Figure 4.11: Thrashing on numerous page fault.

Paging: HW support

Recall we emphasized that we need HW within CPU to support paging. The CPU generates a logical address which must get translated to a physical address. In Figure 4.12 we indicate the basic address generation and translation.

Let us trace the sequence of steps in the generation of address.

• The process generates a logical address. This address is interpreted in two parts.
• The first part of the logical address identifies the virtual page.
• The second part of the logical address gives the offset within this page.
• The first part is used as an input to the page table to find out the following:

* Is the page in the main memory?

* What is the page frame number for this virtual page?

• The page frame number is the first part of the physical memory address.
• The offset is the second part of the correct physical memory location.

Figure 4.12: Hardware support for paging.

If the page is not in the physical memory, a page-fault is generated. This is treated as a trap. The trap then suspends the regular sequence of operations and fetches the required page from the disk into main memory.

We next discuss a relatively simple extension of the basic paging scheme with hardware support. This scheme results in considerable improvement in page frame access.

Figure 4.13: Paging with translation look-aside buffer.

The TLB scheme

The basic idea in the translation look-aside buffer access is quite simple.

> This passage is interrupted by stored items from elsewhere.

(* Let $K$ be a field with a non-trivial non-Archimedean valuation $|\cdot|$, let $X$ be a complete non-Archimedean normed space over $K$, fix $k\in\mathbb N$ with $|2k^3|\neq0$, and for $f:G\to X$ let $$Df(x,y)=f(kx+y)+f(kx-y)-k[f(x+y)+f(x-y)]-2(k^3-k)f(x).$$ Let $\alpha:[0,\infty)\to[0,\infty)$ be a function satisfying (i) $\alpha(|k|t)\le\alpha(|k|)\alpha(t)$ for all $t\ge0$, and (ii) $\alpha(|k|)<|k|^3$. Let $\delta>0$, let $G$ be a normed space, and let $f:G\to X$ satisfy $$\|Df(x,y)\|\le\delta[\alpha(\|x\|)+\alpha(\|y\|)]\quad\text{for all }x,y\in G.$$ Then there exists a unique cubic mapping $C:G\to X$ (i.e. $DC(x,y)=0$ for all $x,y\in G$) such that $$\|f(x)-C(x)\|\le\frac{1}{|2k^3|}\delta\,\alpha(\|x\|)\quad\text{for all }x\in G.$$
   Context: A non-Archimedean field is a field $K$ with $|\cdot|:K\to[0,\infty)$ such that $|r|=0$ iff $r=0$, $|rs|=|r||s|$, $|r+s|\le\max\{|r|,|s|\}$. A non-Archimedean norm on a $K$-vector space satisfies $\|x\|=0$ iff $x=0$, $\|rx\|=|r|\|x\|$, $\|x+y\|\le\max\{\|x\|,\|y\|\}$. Integers are regarded as elements of $K$ and $|k|$ is the valuation of $k$ in $K$. *)

theory Defs
  imports Complex_Main
begin

definition nonarch_valuation :: "('k::field \<Rightarrow> real) \<Rightarrow> bool" where
  "nonarch_valuation v \<longleftrightarrow>
     (\<forall>r. v r \<ge> 0) \<and> (\<forall>r. v r = 0 \<longleftrightarrow> r = 0) \<and>
     (\<forall>r s. v (r * s) = v r * v s) \<and> (\<forall>r s. v (r + s) \<le> max (v r) (v s))"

The scheme is very effective in improving the performance of page frame access. The scheme employs a cache buffer to keep copies of some of the page frames in a cache buffer. This buffer is also interrogated for the presence of page frame copy. Note that a cache buffer is implemented in a technology which is faster than the main memory technology. So, a retrieval from the cache buffer is faster than that from the main memory. The hardware signal which looks up the page table is also used to look up (with address translation) to check if the cache buffer on a side has the desired page. This nature of look-up explains why this scheme is called Translation Look-aside Buffer (TLB) scheme. The basic TLB buffering scheme is shown in Figure 4.13. Note that the figure replicates the usual hardware support for page table look-up. So, obviously the scheme cannot be worse than the usual page table look-up schemes. However, since a cache buffer is additionally maintained to keep some of the frequently accessed pages, one can expect to achieve an improvement in the access time required for those pages which obtain a page hit for presence in the buffer. Suppose we wish to access page frame p. The following three possibilities may arise:

1. Cache presence: There is a copy of the page frame p. In this case it is procured from the look-aside buffer which is the cache.

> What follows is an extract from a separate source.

(* Let $q\ge2$ and let $U$ be a $q\times q$ row-stochastic matrix with strictly positive entries. There is a constant $C_4'$, independent of $n$, $M$, $a$ and the input distribution, such that for all sufficiently large $n$, every integer $M\ge2$, every integer $a\in[1:n]$, every distribution $Q_{\mathrm{ip}}$ on $\mathcal{N}_{q,n}$, every choice of representatives $\tilde{\mathbf{t}}_{\mathbf{l}}\in C_{\mathbf{l}}$ ($\mathbf{l}\in V$) and every Gray-like ordering $g$ of $V$, the output $\hat Q_{\mathrm{ip}}$ of the quantization procedure described in the context is an $M$-type distribution on $\mathcal{N}_{q,n}$ (a probability distribution all of whose values are integer multiples of $1/M$), and the corresponding output distributions $Q_{\mathrm{op}}(\mathbf{w})=\sum_{\mathbf{t}}Q_{\mathrm{ip}}(\mathbf{t})P_{q\text{-NC}}(\mathbf{w}|\mathbf{t})$ and $\hat Q_{\mathrm{op}}(\mathbf{w})=\sum_{\mathbf{t}}\hat Q_{\mathrm{ip}}(\mathbf{t})P_{q\text{-NC}}(\mathbf{w}|\mathbf{t})$ satisfy $$d_{\mathrm{TV}}(Q_{\mathrm{op}},\hat Q_{\mathrm{op}})\le \frac{C_4' a(\log n)^{(q-2)/2}}{\sqrt n}+\left(\frac{2n}{a}\right)^{q-1}\frac{C_4'(\log n)^{(q-2)/2}}{\sqrt n}\cdot\frac{a}{M}.$$
   Context: Notation: $\mathcal{N}_{q,n}=\{\mathbf{t}\in\mathbb{Z}_{\ge0}^q:\sum_i t_i=n\}$ is the set of compositions of vectors in $[1:q]^n$ (the composition of $\mathbf{x}$ is $(N(1|\mathbf{x}),\dots,N(q|\mathbf{x}))$, $N(c|\mathbf{x})=|\{i:x_i=c\}|$). The $q$-ary noisy composition channel $q$-NCC$_{n,U}$ has input and output alphabet $\mathcal{N}_{q,n}$ and transition probability $P_{q\text{-NC}}(\mathbf{w}|\mathbf{t})=\sum_{\mathbf{z}\in[1:q]^n:\,\text{composition of }\mathbf{z}=\mathbf{w}}\prod_{i=1}^nU(z_i|x_i)$, where $\mathbf{x}$ is any vector of composition $\mathbf{t}$. $d_{\mathrm{TV}}(P,Q)=\frac12\sum|P-Q|$. Logarithms base 2. $\lfloor x\rfloor_{1/M}=\lfloor Mx\rfloor/M$. Cells: let $\nu=\lceil (n+1)/a\rceil$; for $\mathbf{l}\in[1:\nu]^{q-1}$ let $C_{\mathbf{l}}=\{\mathbf{t}\in\mathcal{N}_{q,n}:(l_i-1)a\le t_i\le l_ia-1\ \forall i\in[1:q-1]\}$, and let $V=\{\mathbf{l}:C_{\mathbf{l}}\ne\emptyset\}$. Two distinct $\mathbf{l},\mathbf{l}'\in V$ are adjacent if either they differ in exactly one coordinate, by exactly $1$, or they differ in exactly two coordinates $k,j$ with $l_k=l'_k+1$ and $l_j=l'_j-1$. A Gray-like ordering of $V$ is a bijection $g:[1:|V|]\to V$ with $g(j),g(j+1)$ adjacent for all $j\in[1:|V|-1]$. Quantization procedure. Stage I: for each $\mathbf{l}\in V$ and $\mathbf{t}\in C_{\mathbf{l}}\setminus\{\tilde{\mathbf{t}}_{\mathbf{l}}\}$ set $Q^{(a)}(\mathbf{t})=\lfloor Q_{\mathrm{ip}}(\mathbf{t})\rfloor_{1/M}$, and set $Q^{(a)}(\tilde{\mathbf{t}}_{\mathbf{l}})=\lfloor Q_{\mathrm{ip}}(\tilde{\mathbf{t}}_{\mathbf{l}})\rfloor_{1/M}+\sum_{\mathbf{t}\in C_{\mathbf{l}}}\big(Q_{\mathrm{ip}}(\mathbf{t})-\lfloor Q_{\mathrm{ip}}(\mathbf{t})\rfloor_{1/M}\big)$. Stage II: set $R_1=Q^{(a)}(\tilde{\mathbf{t}}_{g(1)})$; for $i=1,\dots,|V|-1$ set $\hat Q_{\mathrm{ip}}(\tilde{\mathbf{t}}_{g(i)})=\lfloor R_i\rfloor_{1/M}$ and $R_{i+1}=Q^{(a)}(\tilde{\mathbf{t}}_{g(i+1)})+R_i-\lfloor R_i\rfloor_{1/M}$; set $\hat Q_{\mathrm{ip}}(\tilde{\mathbf{t}}_{g(|V|)})=R_{|V|}$; and set $\hat Q_{\mathrm{ip}}(\mathbf{t})=Q^{(a)}(\mathbf{t})$ for every $\mathbf{t}$ that is not a representative. *)

theory Defs
  imports Complex_Main "HOL-Library.FuncSet"
begin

2. Page table presence: The cache does not have a copy of the page frame p, but page table access results in a page hit. The page is accessed from the main memory.

3. Not in page table: This is a case when the copy of the page frame is neither in the cache buffer nor does it have an entry in the page table. Clearly, this is a case of page-fault. It is handled exactly as the page-fault is normally handled.

Note that if a certain page frame copy is available in the cache then the cache look-up takes precedence and the page frame is fetched from the cache instead of fetching it from the main memory. This obviously saves time to access the page frame. In the case the page hit occurs for a page not in cache then the scheme ensures its access from the main memory. So it is at least as good as the standard paging scheme with a possibility of improvement whenever a page frame copy is in cache buffer.

Some Additional Points

Since page frames can be loaded anywhere in the main memory, we can say that paging mechanism supports dynamic relocation. Also, there are other schemes like multi-level page support systems which support page tables at multiple levels of hierarchy. In addition, there are methods to identify pages that may be shared amongst more than one process. Clearly, such shareable pages involve additional considerations to maintain consistency of data when multiple processes try to have read and write access. These are usually areas of research and beyond the scope of this book.